A realidade aumentada é a tecnologia que amplifica a perceção dos nossos sentidos, sobrepondo camadas virtuais de informação (texto, imagens, música, objetos tridimensionais) sobre o mundo real. É uma tecnologia capaz de provocar experiências mais profundas, sendo portanto capaz de influenciar os nossos sentimentos e emoções, assim como o nosso comportamento e conduta.

O projeto Magic Book da Universidade de Canterbury (Nova Zelândia) é provavelmente um dos mais conhecidos do mundo. Foi lançado em 2002, com o selo do HIT Lab NZ (Human Interface Technology Laboratory New Zealand) para fomentar o gosto pela leitura entre as crianças. Para tal, recorreram aos livros aumentados, capazes de dar vida em 3D à informação impressa no suporte físico. Ofereciam assim uma multitude de experiências divertidas e uma forma fácil – e eficaz – de reter a informação aprendida.
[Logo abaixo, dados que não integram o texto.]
lemma layer_sum_scaled_limit:
  fixes M :: "nat \<Rightarrow> real" and N :: "nat \<Rightarrow> nat \<Rightarrow> nat"
    and D :: "nat \<Rightarrow> nat \<Rightarrow> nat \<Rightarrow> nat \<Rightarrow> real" and H :: "nat \<Rightarrow> nat \<Rightarrow> nat \<Rightarrow> real"
  assumes M: "filterlim M at_top sequentially"
    and widths: "\<And>n l. l < L \<Longrightarrow> real (N n l) = \<alpha> l * M n"
    and width_out: "\<And>n. N n L = C"
    and "T \<ge> 1"
    and D: "\<And>t k l. t < T \<Longrightarrow> k < C \<Longrightarrow> 1 \<le> l \<Longrightarrow> l \<le> L \<Longrightarrow> (\<lambda>n. D n t k l) \<longlonglongrightarrow> qt l"
    and H: "\<And>t l. t < T \<Longrightarrow> l < L \<Longrightarrow> (\<lambda>n. H n t l / real (N n l)) \<longlonglongrightarrow> qh l"
    and H_empty: "\<And>n t l. N n l = 0 \<Longrightarrow> H n t l = 0"
  shows "(\<lambda>n. 1 / real T * (\<Sum>t<T. \<Sum>k<C. \<Sum>l\<in>{1..L}. D n t k l * (H n t (l - 1) + 1)) / M n)
    \<longlonglongrightarrow> real C * (\<Sum>l\<in>{1..L}. \<alpha> (l - 1) * qt l * qh (l - 1))"
proof -
  define r where "r n l = real (N n l) / M n" for n l
  have r: "(\<lambda>n. r n (l - 1)) \<longlonglongrightarrow> \<alpha> (l - 1)" if "l \<in> {1..L}" for l
  proof -
    have "l - 1 < L" using that by auto
    then show ?thesis
      using width_ratio_limit[where N = N and \<alpha> = \<alpha> and C = C and l = "l - 1", OF M widths width_out]
      unfolding r_def by simp
  qed
  have inv: "(\<lambda>n. 1 / M n) \<longlonglongrightarrow> 0"
    using tendsto_divide_0[OF tendsto_const filterlim_at_top_imp_at_infinity[OF M]] .
  have "(\<lambda>n. 1 / real T * (\<Sum>t<T. \<Sum>k<C. \<Sum>l\<in>{1..L}.
          D n t k l * (r n (l - 1) * (H n t (l - 1) / real (N n (l - 1))) + 1 / M n)))
      \<longlonglongrightarrow> 1 / real T * (\<Sum>t<T. \<Sum>k<C. \<Sum>l\<in>{1..L}. qt l * (\<alpha> (l - 1) * qh (l - 1) + 0))"
    by (intro tendsto_intros D H r inv) auto
  moreover have "1 / real T * (\<Sum>t<T. \<Sum>k<C. \<Sum>l\<in>{1..L}. qt l * (\<alpha> (l - 1) * qh (l - 1) + 0))
      = real C * (\<Sum>l\<in>{1..L}. \<alpha> (l - 1) * qt l * qh (l - 1))"
    using \<open>T \<ge> 1\<close> by (simp add: mult_ac)
  moreover have "eventually (\<lambda>n.
      1 / real T * (\<Sum>t<T. \<Sum>k<C. \<Sum>l\<in>{1..L}.
          D n t k l * (r n (l - 1) * (H n t (l - 1) / real (N n (l - 1))) + 1 / M n))
      = 1 / real T * (\<Sum>t<T. \<Sum>k<C. \<Sum>l\<in>{1..L}. D n t k l * (H n t (l - 1) + 1)) / M n) sequentially"
  proof -
    have "eventually (\<lambda>n. 0 < M n) sequentially"
      using M unfolding filterlim_at_top_dense by blast
    then show ?thesis
    proof eventually_elim
      case (elim n)
      \<comment> \<open>For an empty layer both sides are \<open>1 / M n\<close>, since \<open>x / 0 = 0\<close>.\<close>
      have "r n l * (H n t l / real (N n l)) + 1 / M n = (H n t l + 1) / M n" for t l
        using elim H_empty[of n l t] unfolding r_def by (cases "N n l = 0") (simp_all add: field_simps)
      then show ?case
        by (simp add: sum_divide_distrib mult_ac)
    qed
  qed
  ultimately show ?thesis
    using Lim_transform_eventually by fastforce
qed

lemma alpha_tot_pos:
  assumes "L \<ge> 2" and "\<And>l. l < L \<Longrightarrow> \<alpha> l > 0"
  shows "alpha_tot \<alpha> L > 0"
  unfolding alpha_tot_def using assms by (intro sum_pos) auto

lemma bigo_inverse_if_scaled_tendsto:
  fixes f M :: "nat \<Rightarrow> real"
  assumes "(\<lambda>n. M n * f n) \<longlonglongrightarrow> c" and "filterlim M at_top sequentially"
  shows "f \<in> O(\<lambda>n. 1 / M n)"
proof (rule bigoI_tendsto)
  show "(\<lambda>n. f n / (1 / M n)) \<longlonglongrightarrow> c"
    using assms(1) by (simp add: mult.commute)
  show "eventually (\<lambda>n. 1 / M n \<noteq> 0) sequentially"
  proof -
    have "eventually (\<lambda>n. 0 < M n) sequentially"
      using assms(2) unfolding filterlim_at_top_dense by blast
    then show ?thesis by eventually_elim simp
  qed
qed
Curiosamente, estes livros também permitiam que várias crianças pudessem ler o mesmo em simultâneo, envolvendo-se no cenário como uma das personagens, mais concretamente no visor dos colegas. Já imaginou aprender assim a lista dos reis godos? A complexidade do sistema solar? Ou o funcionamento dos vulcões? Sem dúvida, trata-se de uma abordagem muito interessante, em especial para todos os estudantes que trocaram o livro pela consola de jogos.

A realidade aumentada chega igualmente com propostas interessantes para aumentar a eficiência no contexto empresarial. Na Jaguar-Land Rover, por exemplo, transformou o processo de conceção de carros, aumentando de tal modo a sua eficiência que, hoje em dia, é uma ferramenta imprescindível para os seus engenheiros. A companhia confirmou também a adoção do 360 Virtual Urban Windscreen, um sistema revolucionário capaz de tornar transparentes determinadas partes de um veículo. Fá-lo em função da circulação, para melhorar a visibilidade do condutor. Na opinião dos quadros diretivos da companhia, encontramo-nos perante uma tecnologia fundamental para o futuro da condução.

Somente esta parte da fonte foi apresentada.